Our process for modeling will be fairly straightforward; we will do an ordinary least squares fit utilizing all of the predictors to get the p-values. After that, we will determine collinearity values using a VIF analysis. Then, we will perform subset selection using multiple techniques like forward subset selection. Finally, we will use that model to predict the amount of homeruns the next year and assess our accuracy.

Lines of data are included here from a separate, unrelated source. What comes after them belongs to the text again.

lemma subfit_open_sub_eq_Inf:
  assumes subfit: "subfit TYPE('a::frame)" and y: "y \<in> open_sub (a::'a)"
  shows "y = Inf {sup c y | c. sup a c = top}"
proof (rule order.antisym)
  let ?z = "Inf {sup c y | c. sup a c = top}"
  show "y \<le> ?z" by (auto intro: Inf_greatest)
  have "inf ?z a \<le> y"
  proof (rule ccontr)
    assume "\<not> inf ?z a \<le> y"
    then obtain c where c: "sup (inf ?z a) c = top" "sup y c \<noteq> top"
      using subfit unfolding subfit_def by blast
    from c(1) have "sup ?z c = top" "sup a c = top" by (simp_all add: sup_inf_distrib2)
    from \<open>sup a c = top\<close> have "?z \<le> sup c y" by (auto intro: Inf_lower)
    then have "sup ?z c \<le> sup y c" by (simp add: sup_commute le_supI1)
    with \<open>sup ?z c = top\<close> c(2) show False by (simp add: top_unique)
  qed
  then have "?z \<le> himp a y" by (simp add: le_himp_iff)
  with y show "?z \<le> y" by (simp add: open_sub_def)
qed

lemma open_sub_eq_closed_Meet_if_subfit:
  assumes "subfit TYPE('a::frame)"
  shows "open_sub (a::'a) = coS_Meet (closed_sub ` {c. sup a c = top})"
proof
  show "coS_Meet (closed_sub ` {c. sup a c = top}) \<subseteq> open_sub a"
    by (rule coS_Meet_least [OF is_sublocale_open_sub], erule imageE)
       (simp add: closed_sub_subset_open_sub_iff)
  show "open_sub a \<subseteq> coS_Meet (closed_sub ` {c. sup a c = top})"
  proof
    fix y assume "y \<in> open_sub a"
    with assms have "y = Inf {sup c y | c. sup a c = top}" by (rule subfit_open_sub_eq_Inf)
    moreover have "{sup c y | c. sup a c = top} \<subseteq> \<Union>(closed_sub ` {c. sup a c = top})"
      by (auto simp: closed_sub_def)
    ultimately show "y \<in> coS_Meet (closed_sub ` {c. sup a c = top})"
      unfolding coS_Meet_def by blast
  qed
qed

lemma subfit_if_open_sub_closed_Meet:
  assumes opens_closed_Meet: "\<And>a::'a::frame. \<exists>A. open_sub a = coS_Meet (closed_sub ` A)"
  shows "subfit TYPE('a)"
  unfolding subfit_def
proof (intro allI impI)
  fix a b :: 'a assume "\<not> a \<le> b"
  show "\<exists>c. sup a c = top \<and> sup b c \<noteq> top"
  proof (rule ccontr)
    assume no_sep: "\<nexists>c. sup a c = top \<and> sup b c \<noteq> top"
    obtain A where A: "open_sub a = coS_Meet (closed_sub ` A)" using opens_closed_Meet by blast
    have "himp a b = Inf {m \<in> \<Union>(closed_sub ` A). himp a b \<le> m}"
      using himp_mem_open_sub [of a b] unfolding A mem_coS_Meet_iff .
    also have "\<dots> = top" unfolding Inf_top_conv
    proof (intro ballI, elim CollectE conjE)
      fix m assume m: "m \<in> \<Union>(closed_sub ` A)" "himp a b \<le> m"
      obtain c where "c \<in> A" "c \<le> m" using m(1) by (auto simp: closed_sub_def)
      from A \<open>c \<in> A\<close> have "sup a c = top" by (rule sup_eq_top_if_open_sub_eq_closed_Meet)
      with no_sep have "sup b c = top" by blast
      moreover have "b \<le> m" using le_himp m(2) by (rule order.trans)
      ultimately show "m = top" using \<open>c \<le> m\<close> by (metis le_supI top_unique)
    qed
    finally have "himp a b = top" .
    with \<open>\<not> a \<le> b\<close> show False using le_himp_iff [of top a b] by simp
  qed
qed

lemma closed_Meet_supplement:
  assumes opens_closed_Meet: "\<And>a::'a::frame. \<exists>A. open_sub a = coS_Meet (closed_sub ` A)"
    and T: "is_sublocale T" and U: "is_sublocale U" and UT: "coS_meet U T = (UNIV::'a set)"
  shows "coS_meet (coS_Meet (closed_sub ` {a. closed_sub a \<subseteq> U})) T = UNIV"
proof -
  let ?K = "coS_Meet (closed_sub ` {a. closed_sub a \<subseteq> U})"
  have K: "is_sublocale ?K" by (rule is_sublocale_coS_Meet) (auto intro: is_sublocale_closed_sub)
  have "himp (nucleus T x) x \<in> ?K" for x
  proof -
    let ?n = "nucleus T x" and ?g = "himp (nucleus T x) x"
    obtain A where A: "open_sub ?n = coS_Meet (closed_sub ` A)" using opens_closed_Meet by blast
    have "m \<in> ?K" if m: "m \<in> \<Union>(closed_sub ` A)" "?g \<le> m" for m
    proof -
      obtain c where "c \<in> A" "c \<le> m" using m(1) by (auto simp: closed_sub_def)
      from A \<open>c \<in> A\<close> have nc: "sup ?n c = top" by (rule sup_eq_top_if_open_sub_eq_closed_Meet)
      have "x \<le> m" using le_himp m(2) by (rule order.trans)
      then have "?n \<le> nucleus T m" by (rule nucleus_mono)
      moreover have "c \<le> nucleus T m" using \<open>c \<le> m\<close> le_nucleus by (rule order.trans)
      ultimately have "sup ?n c \<le> nucleus T m" by (rule le_supI)
      with nc have "nucleus T m = top" by (simp add: top_unique)
      with U UT have "closed_sub m \<subseteq> U" by (rule closed_sub_subset_if_nucleus_eq_top)
      then show "m \<in> ?K" by (intro subsetD [OF subset_coS_Meet]) (auto simp: closed_sub_def)
    qed
    then have "{m \<in> \<Union>(closed_sub ` A). ?g \<le> m} \<subseteq> ?K" by blast
    with K have "Inf {m \<in> \<Union>(closed_sub ` A). ?g \<le> m} \<in> ?K" by (simp add: is_sublocale_def)
    moreover have "?g = Inf {m \<in> \<Union>(closed_sub ` A). ?g \<le> m}"
      using himp_mem_open_sub [of ?n x] unfolding A mem_coS_Meet_iff .
    ultimately show ?thesis by simp
  qed
  with T K show ?thesis by (simp add: coS_meet_eq_UNIV_iff)
qed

An initial disclaimer, the 2020 season was drastically shorter than every other season in the dataset due to the global pandemic and therefore the sample size is much smaller. However, we expect that the decrease in homeruns and games played will also be reflected in the other predictors proportionately so that it can still be reliably used as data.

## Data Setup

In [1]:
# Basics and Plotting
import pandas as pd
import numpy as np
import scipy as scp
import matplotlib.pyplot as plt
from mpl_toolkits import mplot3d
import seaborn as sns
from itertools import chain, combinations

# Sklearn Models
import sklearn.linear_model as skl_lm
from sklearn.linear_model import LinearRegression, LogisticRegression
from sklearn.linear_model import Lasso, Ridge
from sklearn.metrics import mean_squared_error
from sklearn.model_selection import train_test_split, LeaveOneOut, KFold, cross_val_score, cross_validate
from sklearn.preprocessing import PolynomialFeatures
from sklearn.neighbors import KNeighborsRegressor, KNeighborsClassifier
from sklearn.preprocessing import scale
from sklearn.decomposition import PCA
from sklearn.cross_decomposition import PLSRegression

# Alternative models
import statsmodels.api as sm
from statsmodels.stats.outliers_influence import variance_inflation_factor
import statsmodels.formula.api as smf

In [2]:
baseball = pd.read_csv("https://raw.githubusercontent.com/dswetlik/BaseballHRPrediction/master/Batting.csv")

In [3]:
baseball

Unnamed: 0,playerID,yearID,stint,teamID,lgID,G,AB,R,H,2B,...,RBI,SB,CS,BB,SO,IBB,HBP,SH,SF,GIDP
0,abbotje01,2000,1,CHA,AL,80,215,31,59,15,...,29,2,1,21,38,1,2,2,1,2
1,abbotku01,2000,1,NYN,NL,79,157,22,34,7,...,12,1,1,14,51,2,1,0,1,2
2,abbotpa01,2000,1,SEA,AL,35,5,1,2,1,...,0,0,0,0,1,0,0,1,0,0
3,abreubo01,2000,1,PHI,NL,154,576,103,182,42,...,79,28,8,100,116,9,1,0,3,12
4,aceveju01,2000,1,MIL,NL,62,1,1,0,0,...,0,0,0,1,1,0,0,0,0,0
...,...,...,...,...,...,...,...,...,...,...,...,...,...,...,...,...,...,...,...,...,...
29518,zimmebr02,2020,1,BAL,AL,2,0,0,0,0,...,0,0,0,0,0,0,0,0,0,0
29519,zimmejo02,2020,1,DET,AL,3,0,0,0,0,...,0,0,0,0,0,0,0,0,0,0
29520,zimmeky01,2020,1,KCA,AL,16,0,0,0,0,...,0,0,0,0,0,0,0,0,0,0
29521,zuberty01,2020,1,KCA,AL,23,0,0,0,0,...,0,0,0,0,0,0,0,0,0,0


Below we are dropping the columns playerID, teamID, stint, and lgID, as we have decided that they would be inconsequential or irrelavent for determining league-wide homerun counts.

In [5]:
baseball.drop(columns=["playerID","teamID","stint","lgID","CS","SH","SF","GIDP","SB","HBP"], axis=1, inplace=True)
baseball.rename(columns={"2B": "Double", "3B": "Triple"}, inplace=True)
baseball.head()

KeyError: "['playerID' 'teamID' 'stint' 'lgID' 'CS' 'SH' 'SF' 'GIDP' 'SB'] not found in axis"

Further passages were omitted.